De Koornwaard ligt in het uiterste westen van Gelderland, in het rivierengebied, en is een voormalige zand- en kleiwinplas. De plas is volledig in eigendom van Staatsbosbeheer. Staatsbosbeheer wilde de natuurwaarden in en rond de plas verhogen. De afgelopen jaren hebben Staatsbosbeheer, Waterschap Rivierenland en onze dochteronderneming Grondbank GMG in nauwe samenwerking een plan gemaakt en uitgevoerd om in en rond de plas een goede basis te creëren voor natuurontwikkeling.
Diepe plas
Door zand- en kleiwinning in het verleden is de plas De Koornwaard ontstaan. Na de winning van het zand en de klei was de plas 22 meter diep. Diepe plassen horen van nature niet thuis in het riviersysteem en de diepte is bovendien een ecologisch ongunstige situatie. In dit soort diepe plassen kunnen flora en fauna zich onder water beperkt ontwikkelen. Het zijn koude, donkere plassen met steile oevers. De plas is daardoor in de diepere delen ongeschikt voor waterplanten en de plasbodem is onbereikbaar voor duikende watervogels.
Natuurontwikkeling door verondieping
Staatsbosbeheer wilde de plas natuurlijker maken. Ook omdat de plas en de directe omgeving onderdeel uitmaken van het Natura-2000 gebied, de Ecologische Hoofdstructuur (EHS) en de Kader Richtlijn Water (KRW). Grondbank GMG heeft de plas natuurlijk gemaakt door deze te verondiepen. Door het maken van flauwere onderwatertaluds en verondiepingen verbetert met name het onderwatermilieu en kan er zich op termijn een brede schakering aan waterplanten ontwikkelen. Als de bodem minder diep wordt en de oevers flauwer worden, kan het zonlicht namelijk de bodem over een groter oppervlak bereiken. Daardoor kunnen er planten groeien. En waar planten zijn, zijn vissen, andere waterdieren en vogels.
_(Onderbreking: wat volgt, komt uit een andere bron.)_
lemma (in prob_space) centered_gaussian_rv_char:
  fixes Y :: "'a \<Rightarrow> real"
  assumes "gaussian_rv M Y" "integrable M Y" "expectation Y = 0"
  shows "expectation (\<lambda>x. iexp (Y x)) = exp (- expectation (\<lambda>x. (Y x)\<^sup>2) / 2)"
proof -
  have [measurable]: "Y \<in> borel_measurable M" using assms(1) by (simp add: gaussian_rv_def)
  from assms show ?thesis
  proof (cases rule: centered_gaussian_rvE)
    case degenerate
    have "expectation (\<lambda>x. iexp (Y x)) = expectation (\<lambda>x. 1)"
      by (rule integral_cong_AE) (use degenerate in auto)
    moreover have "expectation (\<lambda>x. (Y x)\<^sup>2) = expectation (\<lambda>x. 0)"
      by (rule integral_cong_AE) (use degenerate in auto)
    ultimately show ?thesis by (simp add: prob_space)
  next
    case (normal \<sigma>)
    have "distributed M lborel (\<lambda>x. (Y x - 0) / \<sigma>) std_normal_density"
      using normal_standard_normal_convert[OF normal(1)] normal(2) by simp
    then have "distr M lborel (\<lambda>x. Y x / \<sigma>) = std_normal_distribution"
      by (simp add: distributed_def)
    then have "char (distr M lborel (\<lambda>x. Y x / \<sigma>)) \<sigma> = exp (- \<sigma>\<^sup>2 / 2)"
      by (simp add: char_std_normal_distribution)
    moreover have "char (distr M lborel (\<lambda>x. Y x / \<sigma>)) \<sigma> = expectation (\<lambda>x. iexp (Y x))"
      unfolding char_def using normal(1) by (subst integral_distr) auto
    moreover have "expectation (\<lambda>x. (Y x)\<^sup>2) = \<sigma>\<^sup>2"
      using normal_distributed_variance[OF normal] assms(3) by simp
    ultimately show ?thesis by simp
  qed
qed

lemma (in prob_space) centered_gaussian_rv_mgf:
  fixes Y :: "'a \<Rightarrow> real"
  assumes "gaussian_rv M Y" "integrable M Y" "expectation Y = 0"
  shows "integrable M (\<lambda>x. exp (\<theta> * Y x))"
    and "expectation (\<lambda>x. exp (\<theta> * Y x)) = exp (\<theta>\<^sup>2 * expectation (\<lambda>x. (Y x)\<^sup>2) / 2)"
proof -
  have [measurable]: "Y \<in> borel_measurable M" using assms(1) by (simp add: gaussian_rv_def)
  from assms have "integrable M (\<lambda>x. exp (\<theta> * Y x)) \<and>
    expectation (\<lambda>x. exp (\<theta> * Y x)) = exp (\<theta>\<^sup>2 * expectation (\<lambda>x. (Y x)\<^sup>2) / 2)"
  proof (cases rule: centered_gaussian_rvE)
    case degenerate
    have e: "AE x in M. 1 = exp (\<theta> * Y x)" and s: "AE x in M. (Y x)\<^sup>2 = 0"
      using degenerate by (rule eventually_mono; simp)+
    have "integrable M (\<lambda>x. exp (\<theta> * Y x))"
      by (rule integrable_cong_AE_imp[OF integrable_const _ e]) measurable
    moreover have "expectation (\<lambda>x. exp (\<theta> * Y x)) = 1"
      using integral_cong_AE[OF _ _ e] prob_space by simp
    moreover have "expectation (\<lambda>x. (Y x)\<^sup>2) = 0"
      using integral_cong_AE[OF _ _ s] by simp
    ultimately show ?thesis by simp
  next
    case (normal \<sigma>)
    note tilted = normal_density_mult_exp[OF normal(1)]
    have "integrable lborel (\<lambda>x. normal_density 0 \<sigma> x * exp (\<theta> * x))"
      unfolding tilted using integrable_normal_density[OF normal(1)] by simp
    then have "integrable M (\<lambda>x. exp (\<theta> * Y x))"
      using distributed_integrable[OF normal(2), of "\<lambda>x. exp (\<theta> * x)"] by simp
    moreover have "expectation (\<lambda>x. exp (\<theta> * Y x)) = (\<integral>x. normal_density 0 \<sigma> x * exp (\<theta> * x) \<partial>lborel)"
      using distributed_integral[OF normal(2), of "\<lambda>x. exp (\<theta> * x)"] by simp
    moreover have "\<dots> = exp (\<theta>\<^sup>2 * \<sigma>\<^sup>2 / 2)"
      unfolding tilted using integral_normal_density[OF normal(1)] by simp
    moreover have "expectation (\<lambda>x. (Y x)\<^sup>2) = \<sigma>\<^sup>2"
      using normal_distributed_variance[OF normal] assms(3) by simp
    ultimately show ?thesis by simp
  qed
  then show "integrable M (\<lambda>x. exp (\<theta> * Y x))"
    and "expectation (\<lambda>x. exp (\<theta> * Y x)) = exp (\<theta>\<^sup>2 * expectation (\<lambda>x. (Y x)\<^sup>2) / 2)"
    by auto
qed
Ook verbetert de waterkwaliteit, omdat de (onderwater)planten zuurstof afgeven aan het water.
Specie uit de Beneden-Linge
De herinrichting realiseerden we door het verantwoord en zorgvuldig toepassen van herbruikbare baggerspecie (waterbodem) dat vrijkwam bij het baggeren van de Beneden-Linge. Waterschap Rivierenland voerde in de Beneden-Linge baggerwerkzaamheden uit om de rivier weer beter bevaarbaar te maken. Hierbij kwam een grote hoeveelheid gebiedseigen materiaal vrij dat grotendeels geschikt was om weer nuttig toe te passen. Door dit lokale materiaal in te zetten voor de herinrichting van de Koornwaard vonden we een in alle opzichten duurzame oplossing om een goede basis te creëren voor natuurontwikkeling in en rondom de Koornwaard. Het project is in 2016 afgerond. De Koornwaard kan zich in alle rust gaan ontwikkelen.